A recent white paper published by Google’s Quantum AI team has sparked renewed debate over the security of major cryptocurrencies like Bitcoin and Ethereum. According to the report, the computational power required to break the encryption that secures these crypto networks may be significantly lower than previously assumed. While the Taproot upgrade has bolstered efficiency and privacy on the Bitcoin network, Google’s scientists highlighted that it could also increase vulnerability to quantum attacks.
Quantum computers may be closer than thought
The study re-examined earlier forecasts regarding the number of quantum bits (qubits) needed for a successful quantum attack on Bitcoin’s cryptography. Previous assumptions held that several million qubits would be required, putting such a threat far into the future. However, Google’s team now estimates this number could be under 500,000. The research also outlines two model attack scenarios that might only require between 1,200 and 1,450 high-quality qubits.
Google had previously cited 2029 as a milestone year for deploying “usable” quantum systems. The new findings suggest that crypto assets could face heightened risks from quantum computing advances on a much shorter timeline than many in the ecosystem had anticipated.
Unlike classical computers, quantum computers are capable of solving complex problems with vastly greater efficiency. This disrupts current cryptographic safeguards, such as those protecting crypto wallets. Although quantum computers have yet to reach the level required to launch such attacks in practice, the specter of their capabilities is already fueling anxiety among investors and crypto advocates.
Real-time transactions bring increased exposure
The research team emphasized that, rather than targeting old wallets with exposed public keys, an attacker wielding a fast enough quantum computer could intervene during live transactions. Every time Bitcoin is transferred, the recipient’s public key is briefly visible. In that short window, a quantum computer could theoretically deduce the corresponding private key, allowing stolen funds to be redirected before the transaction is securely added to the blockchain.
Google’s simulation demonstrated that a portion of the required calculations for this attack can be prepared ahead of time. Once a cryptocurrency transfer is initiated, a quantum-enabled attacker could potentially complete the hack in around nine minutes. Given that Bitcoin transactions typically take about ten minutes to be confirmed on the blockchain, Google’s analysis estimates a roughly 41% chance that a malicious party could approve their fraudulent transaction before the legitimate one is processed.

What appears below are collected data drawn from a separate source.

(* Let $X$ be a fibrewise pointed space over $B$. Then $\mathrm{TC}_B(X)=0$ if and only if $X$ is fibrewise homotopy equivalent to $B$ (where $B$ is regarded as a fibrewise space over itself via the identity).
   Context: A fibrewise space over $B$ is a space $X$ with a map $p_X:X\to B$; fibrewise maps satisfy $p_Y\circ f=p_X$; fibrewise homotopies $H:X\times I\to Y$ satisfy $p_Y(H(x,t))=p_X(x)$, written $\simeq_B$. A fibrewise pointed space is a fibrewise space $X$ with a map $s_X:B\to X$ such that $p_X\circ s_X=1_B$. For a fibrewise map $f:E\to X$, an open $U\subseteq X$ is fibrewise sectional if there is a fibrewise map $s:U\to E$ with $f\circ s\simeq_B$ the inclusion; $\mathrm{secat}_B(f)$ is the least $k$ such that $X$ is covered by $k+1$ such open sets. $X\times_BX=\{(x,y):p_X(x)=p_X(y)\}$; $P_B(X)=\{(b,\alpha)\in B\times X^I: p_X\circ\alpha\equiv b\}$ with projection $(b,\alpha)\mapsto b$; $\Pi_X(b,\alpha)=(\alpha(0),\alpha(1))$; $\mathrm{TC}_B(X):=\mathrm{secat}_B(\Pi_X)$. *)

theory Defs
  imports "HOL-Analysis.Analysis"
begin

abbreviation unit_interval :: "real topology" where
  "unit_interval \<equiv> top_of_set {0..1}"

definition fw_map :: "'a topology \<Rightarrow> ('a \<Rightarrow> 'b) \<Rightarrow> 'c topology \<Rightarrow> ('c \<Rightarrow> 'b) \<Rightarrow> ('a \<Rightarrow> 'c) \<Rightarrow> bool" where
  "fw_map X pX Y pY f \<longleftrightarrow> continuous_map X Y f \<and> (\<forall>x\<in>topspace X. pY (f x) = pX x)"

definition fw_homotopic :: "'a topology \<Rightarrow> ('a \<Rightarrow> 'b) \<Rightarrow> 'c topology \<Rightarrow> ('c \<Rightarrow> 'b) \<Rightarrow> ('a \<Rightarrow> 'c) \<Rightarrow> ('a \<Rightarrow> 'c) \<Rightarrow> bool" where
  "fw_homotopic X pX Y pY f g \<longleftrightarrow>
     (\<exists>H. continuous_map (prod_topology X unit_interval) Y H \<and>
          (\<forall>x\<in>topspace X. \<forall>t\<in>{0..1}. pY (H (x, t)) = pX x) \<and>
          (\<forall>x\<in>topspace X. H (x, 0) = f x \<and> H (x, 1) = g x))"

definition fw_homotopy_equivalent :: "'a topology \<Rightarrow> ('a \<Rightarrow> 'b) \<Rightarrow> 'c topology \<Rightarrow> ('c \<Rightarrow> 'b) \<Rightarrow> bool" where
  "fw_homotopy_equivalent X pX Y pY \<longleftrightarrow>
     (\<exists>f g. fw_map X pX Y pY f \<and> fw_map Y pY X pX g \<and>
            fw_homotopic X pX X pX (g \<circ> f) id \<and> fw_homotopic Y pY Y pY (f \<circ> g) id)"

definition fw_pointed :: "'b topology \<Rightarrow> 'a topology \<Rightarrow> ('a \<Rightarrow> 'b) \<Rightarrow> ('b \<Rightarrow> 'a) \<Rightarrow> bool" where
  "fw_pointed B X p s \<longleftrightarrow> continuous_map X B p \<and> continuous_map B X s \<and>
     (\<forall>b\<in>topspace B. p (s b) = b)"

definition fw_sectional :: "'e topology \<Rightarrow> ('e \<Rightarrow> 'b) \<Rightarrow> 'a topology \<Rightarrow> ('a \<Rightarrow> 'b) \<Rightarrow> ('e \<Rightarrow> 'a) \<Rightarrow> 'a set \<Rightarrow> bool" where
  "fw_sectional E pE X pX f U \<longleftrightarrow> openin X U \<and>
     (\<exists>s. fw_map (subtopology X U) pX E pE s \<and>
          fw_homotopic (subtopology X U) pX X pX (f \<circ> s) id)"

text \<open>Fibrewise sectional category (as an extended natural; \<infinity> if no finite cover exists).\<close>
definition fw_secat :: "'e topology \<Rightarrow> ('e \<Rightarrow> 'b) \<Rightarrow> 'a topology \<Rightarrow> ('a \<Rightarrow> 'b) \<Rightarrow> ('e \<Rightarrow> 'a) \<Rightarrow> enat" where
  "fw_secat E pE X pX f =
     (INF k \<in> {k. \<exists>U :: nat \<Rightarrow> 'a set. (\<forall>i\<le>k. fw_sectional E pE X pX f (U i)) \<and>
                                     topspace X \<subseteq> (\<Union>i\<le>k. U i)}. enat k)"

The study extended its analysis to other cryptocurrencies, noting that networks like Ethereum—where transactions confirm almost instantly—may present a smaller target window for quantum attacks. This structural difference could make Ethereum less exposed to the specific type of quantum threat described.
Another key finding relates to existing vulnerabilities: around 6.9 million Bitcoins, nearly a third of the total supply, are stored in wallets where the public key has been revealed at some point. This figure includes about 1.7 million coins from Bitcoin’s early days and assets held in addresses that have been reused. Previous risk assessments from various institutions had downplayed the number of susceptible wallets, but Google’s research suggests the risk could be more substantial than earlier believed.
“Due to the Taproot design choice, the number of wallets potentially exposed to quantum-based attacks may increase,” the researchers concluded.
The Google Quantum AI team also disclosed that some sensitive details were deliberately withheld from publication to prevent misuse. Instead of step-by-step technical disclosure, the group employed zero-knowledge proofs to verify their analysis. This careful approach aimed to ensure the findings could be trusted while minimizing the potential for malicious exploitation.